Ленинградские гиды первым делом перечисляют ужасные наводнения и жертвы, которые приносит эта неблагодарная дама. Вот уж правда: «из грязи в князи». И мечтать не могла болотная девка, крутящая любовь с красавцем финном, что её так одарят, так возвеличат. Но девка есть девка, только финну её захочется, она тут же его запускает к себе, забывая про все на свете, о людях, которые её возвели на трон, плевать она хотела на жертвы, лишь бы самой удовлетворить свою похоть.

Москва-река, та попроще будет, только в районе Кремля выфурилась, как богатая купчиха, когда идёт на базар, рожу разукрасила, а шею помыть забыла. Только и смотришь в одну сторону, на Кремль, а как повернёшь в другую — заводские трубы, вода переливается разноцветными разводами таблицы Менделеева. Зато столица пяти морей.
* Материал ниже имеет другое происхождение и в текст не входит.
(* Let $N,\beta,\mu,\gamma>0$ with $\frac{\beta N}{\mu+\gamma}>1$ and $*:=N-\frac{\mu+\gamma}{\beta}$. For $a\in(0,N)$, $T>0$ and $\phi\in C([0,T])$ let $$I_{a,T}(\phi)=\inf\Big\{\tfrac12\int_0^T|u(s)|^2ds:\ u\in L^2([0,T]),\ \phi(t)=a+\int_0^t\phi(s)(\beta N-\mu-\gamma-\beta\phi(s))ds+\int_0^t\phi(s)(N-\phi(s))u(s)ds\ \ \forall t\in[0,T]\Big\}$$ (with $\inf\emptyset=\infty$). Let $\delta_0>0$ be sufficiently small, $m>0$, $\rho\in(0,*-\delta_0)$, and $$\overline{V}_{m,\rho}:=\inf_{T\le m}\ \inf_{\phi\in C([0,T]),\ \phi(T)=\rho} I_{*-\delta_0,T}(\phi).$$ If $\overline{V}_{m,\rho}<\infty$, then there exist $T\le m$ and a decreasing $\phi\in C([0,T])$ such that $T$ is the first time $\phi$ hits $\rho$ (i.e. $\phi(T)=\rho$ and $\phi(t)\neq\rho$ for $t<T$), $\overline{V}_{m,\rho}=I_{*-\delta_0,T}(\phi)$, and $\phi(t)\in[\rho,*-\delta_0]$ for all $t\in[0,T]$.
   Context: $I_{a,T}$ is the large-deviation rate function associated with the SDE $dI=I([\beta N-\mu-\gamma-\beta I]dt+\sigma(N-I)dB)$ started at $a$ on the time interval $[0,T]$. *)

theory Defs
  imports "HOL-Analysis.Analysis"
begin

definition admissible_control ::
  "real \<Rightarrow> real \<Rightarrow> real \<Rightarrow> real \<Rightarrow> real \<Rightarrow> real \<Rightarrow> (real \<Rightarrow> real) \<Rightarrow> (real \<Rightarrow> real) \<Rightarrow> bool" where
  "admissible_control N \<beta> \<mu> \<gamma> a T \<phi> u \<longleftrightarrow>
     set_borel_measurable lborel {0..T} u \<and>
     set_integrable lborel {0..T} (\<lambda>s. (u s)\<^sup>2) \<and>
     (\<forall>t\<in>{0..T}. \<phi> t = a
        + (LINT s:{0..t}|lborel. \<phi> s * (\<beta> * N - \<mu> - \<gamma> - \<beta> * \<phi> s))
        + (LINT s:{0..t}|lborel. \<phi> s * (N - \<phi> s) * u s))"

definition rate_fun ::
  "real \<Rightarrow> real \<Rightarrow> real \<Rightarrow> real \<Rightarrow> real \<Rightarrow> real \<Rightarrow> (real \<Rightarrow> real) \<Rightarrow> ereal" where
  "rate_fun N \<beta> \<mu> \<gamma> a T \<phi> =
     Inf {ereal ((1/2) * (LINT s:{0..T}|lborel. (u s)\<^sup>2)) | u.
            admissible_control N \<beta> \<mu> \<gamma> a T \<phi> u}"

definition Vbar ::
  "real \<Rightarrow> real \<Rightarrow> real \<Rightarrow> real \<Rightarrow> real \<Rightarrow> real \<Rightarrow> real \<Rightarrow> ereal" where
  "Vbar N \<beta> \<mu> \<gamma> a m \<rho> =
     Inf {rate_fun N \<beta> \<mu> \<gamma> a T \<phi> | T \<phi>.
            0 < T \<and> T \<le> m \<and> continuous_on {0..T} \<phi> \<and> \<phi> T = \<rho>}"
(* Let $d\ge3$ and let $\phi(x,t;y)=\langle x,y\rangle+\psi(t;y)$ be a translation-invariant phase on $\mathbb{B}^{d-1}_{\varepsilon_0}\times\mathbb{B}^1_{\varepsilon_0}\times\mathbb{B}^{d-1}_{\varepsilon_0}$ satisfying Hörmander's non-degeneracy conditions $(H_1),(H_2)$ and Bourgain's condition at every point. Then there exist an open neighborhood $U$ of the origin in $\mathbb{R}^d$, a diffeomorphism $\kappa:U\to\kappa(U)\subset\mathbb{B}^{d-1}_{\varepsilon_0}\times\mathbb{B}^1_{\varepsilon_0}$, and smooth functions $h,q$ of $y$ and $f$ of $t$, with $\nabla^2_y h(y)$ non-degenerate, such that $$\phi(\kappa(x,t);y)=\langle x,y\rangle+t\,h(y)+q(y)+f(t)$$ for all $(x,t)\in U$ and $y\in\mathbb{B}^{d-1}_{\varepsilon_0}$ (after shrinking $\varepsilon_0$ if necessary). Consequently, for every $y$ and every $\mathbf z\in U$, $\{\mathbf z'\in U:\nabla_y\phi(\kappa(\mathbf z');y)=\nabla_y\phi(\kappa(\mathbf z);y)\}=U\cap\{\mathbf z+s(-\nabla h(y),1):s\in\mathbb{R}\}$, i.e. $\kappa^{-1}$ maps the Kakeya curves of $\phi$ into straight lines with directions $(-\nabla h(y),1)$, and curved Kakeya sets associated with $\phi$ are mapped by $\kappa^{-1}$ to sets containing such line segments for an open set of directions.
   Context: Coordinates: $\mathbf x=(x,t)\in\mathbb{B}^{d-1}_{\varepsilon_0}\times\mathbb{B}^1_{\varepsilon_0}$, $y\in\mathbb{B}^{d-1}_{\varepsilon_0}$, $\mathbb{B}^k_r$ the $k$-dimensional ball of radius $r$ centered at $0$, $\varepsilon_0>0$ small depending on $\phi$; $\phi$ is smooth. Hörmander's conditions: $(H_1)$ $\mathrm{rank}\,\nabla_{\mathbf x}\nabla_y\phi(\mathbf x;y)=d-1$ everywhere; $(H_2)$ with $G_0(\mathbf x;y)=\bigwedge_{j=1}^{d-1}\partial_{y_j}\nabla_{\mathbf x}\phi(\mathbf x;y)$ (identified with a vector of $\mathbb{R}^d$, normal to the $d-1$ vectors $\partial_{y_j}\nabla_{\mathbf x}\phi$), one has $\det\nabla^2_y\langle\nabla_{\mathbf x}\phi(\mathbf x;y),G_0(\mathbf x;y_0)\rangle|_{y=y_0}\ne0$ for all $(\mathbf x,y_0)$. Translation-invariant: $\phi(x,t;y)=\langle x,y\rangle+\psi(t;y)$ with $\psi$ smooth and $\psi(0;y)=0$. Bourgain's condition at $(\mathbf x_0;y_0)$: there is a scalar $C(\mathbf x_0;y_0)$ such that for all $1\le i,j\le d-1$, $(G_0\cdot\nabla_{\mathbf x})^2\partial^2_{y_iy_j}\phi(\mathbf x_0;y_0)=C(\mathbf x_0;y_0)(G_0\cdot\nabla_{\mathbf x})\partial^2_{y_iy_j}\phi(\mathbf x_0;y_0)$, where $G_0=G_0(\mathbf x;y_0)$ is regarded as a vector field in $\mathbf x$ and the derivatives are evaluated at $\mathbf x=\mathbf x_0$, $y=y_0$. Kakeya curves: $\Gamma^\phi_y(\mathbf x)=\{\mathbf x':\nabla_y\phi(\mathbf x';y)=\nabla_y\phi(\mathbf x;y)\}$. A curved Kakeya set associated with $\phi$ is a set $E$ such that for every $y\in\mathbb{B}^{d-1}_{\varepsilon_0}$ there is $\omega\in\mathbb{B}^{d-1}_{\varepsilon_0}$ with $\Gamma^\phi_y((\omega,0))\subset E$. *)

theory Defs
  imports "HOL-Analysis.Analysis"
begin

text \<open>Conventions. R^(d-1) is the type real^'n (so d - 1 = CARD('n));
  R^d is (real^'n) \<times> real, a point being \<open>(x,t)\<close>.\<close>

coinductive smooth_on :: "'a::real_normed_vector set \<Rightarrow> ('a \<Rightarrow> 'b::real_normed_vector) \<Rightarrow> bool" where
  "\<lbrakk>open S; f differentiable_on S; \<And>v. smooth_on S (\<lambda>x. frechet_derivative f (at x) v)\<rbrakk>
     \<Longrightarrow> smooth_on S f"

definition diffeo_on :: "'a::real_normed_vector set \<Rightarrow> ('a \<Rightarrow> 'a) \<Rightarrow> bool" where
  "diffeo_on U \<kappa> \<longleftrightarrow> open U \<and> inj_on \<kappa> U \<and> open (\<kappa> ` U) \<and> smooth_on U \<kappa>
      \<and> smooth_on (\<kappa> ` U) (the_inv_into U \<kappa>)"

definition dd :: "('a::real_normed_vector \<Rightarrow> 'b::real_normed_vector) \<Rightarrow> 'a \<Rightarrow> 'a \<Rightarrow> 'b" where
  "dd f p v = vector_derivative (\<lambda>s. f (p + s *\<^sub>R v)) (at 0)"

definition grad :: "('a::euclidean_space \<Rightarrow> real) \<Rightarrow> 'a \<Rightarrow> 'a" where
  "grad f p = (\<Sum>b\<in>Basis. dd f p b *\<^sub>R b)"

definition hess :: "(real^'n \<Rightarrow> real) \<Rightarrow> real^'n \<Rightarrow> real^'n^'n" where
  "hess f p = (\<chi> i j. dd (\<lambda>p'. dd f p' (axis j 1)) p (axis i 1))"

text \<open>Generalized cross product (wedge) of d-1 vectors in R^d = (real^'n) \<times> real,
  identified with the vector G such that \<open>G \<bullet> w = det [v_1,...,v_(d-1), w]\<close>
  (t-coordinate last): t-component is det of the x-parts; the x_i-component is
  minus the determinant of the x-part matrix with row i replaced by the t-row.\<close>
definition wedge :: "('n::finite \<Rightarrow> (real^'n) \<times> real) \<Rightarrow> (real^'n) \<times> real" where
  "wedge v = ((\<chi> i. - det (\<chi> i' j. if i' = i then snd (v j) else fst (v j) $ i')),
              det (\<chi> i j. fst (v j) $ i))"

type_synonym 'n phase = "(real^'n) \<times> real \<Rightarrow> real^'n \<Rightarrow> real"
И вот этот безвестный красавчик-повеса Турунчук гуляет себе на здоровье по бабам-озёрам, оставляя всюду своих безымянных детей — маленькие речушки, которые появляются ниоткуда и исчезают в никуда. Наслышалась я сейчас от мальчишек небылиц об их реке, мол, убежал непутёвый сыночек от строгого батьки седого Днестра. А тот столетие за столетием пытается вернуть отпрыска, во что бы то ни стало. И только после селения Беляевка, когда Турунчук опрометчиво заскочил в озеро Белое, потом ещё пару раз сбегал налево, вот тут-то его отцовская нагайка и достала. Да только ненадолго поймала. Из Маяков Турунчуку снова удалось сбежать. Рассвирепел отец, выпустил все свои воды, залил всё вокруг лиманом, куда и угодил сыночек.

Оба уставшие от вечной погони, наконец примирились и сдались на милость грозному владыке Чёрному морю. Он, владыка, только сверху кажется ещё сильным и непобедимым, а на самом деле тяжесть тысячелетий давно придавила его ко дну тяжелым мёртвым грузом сероводорода. Детки-реки портят ему жизнь, но что делать прикажете старику, они же его родные, и он безропотно, без разбору принимает в своё тело все отходы Европы. Кряхтит, медленно умирает и всё же пытается договориться с родственничком Среди земным морем, поддерживает приятельские отношения, чтобы хоть дети могли через пролив Босфор бегать в океан резвиться. О себе он уже и не думает, да и забыл, когда с ним считались. Слава Богу, проливчик есть, не дает окончательно сгинуть с белого света — и ладно. Так и живут исполины веками, у них, как у людей, свои отношения и проблемы...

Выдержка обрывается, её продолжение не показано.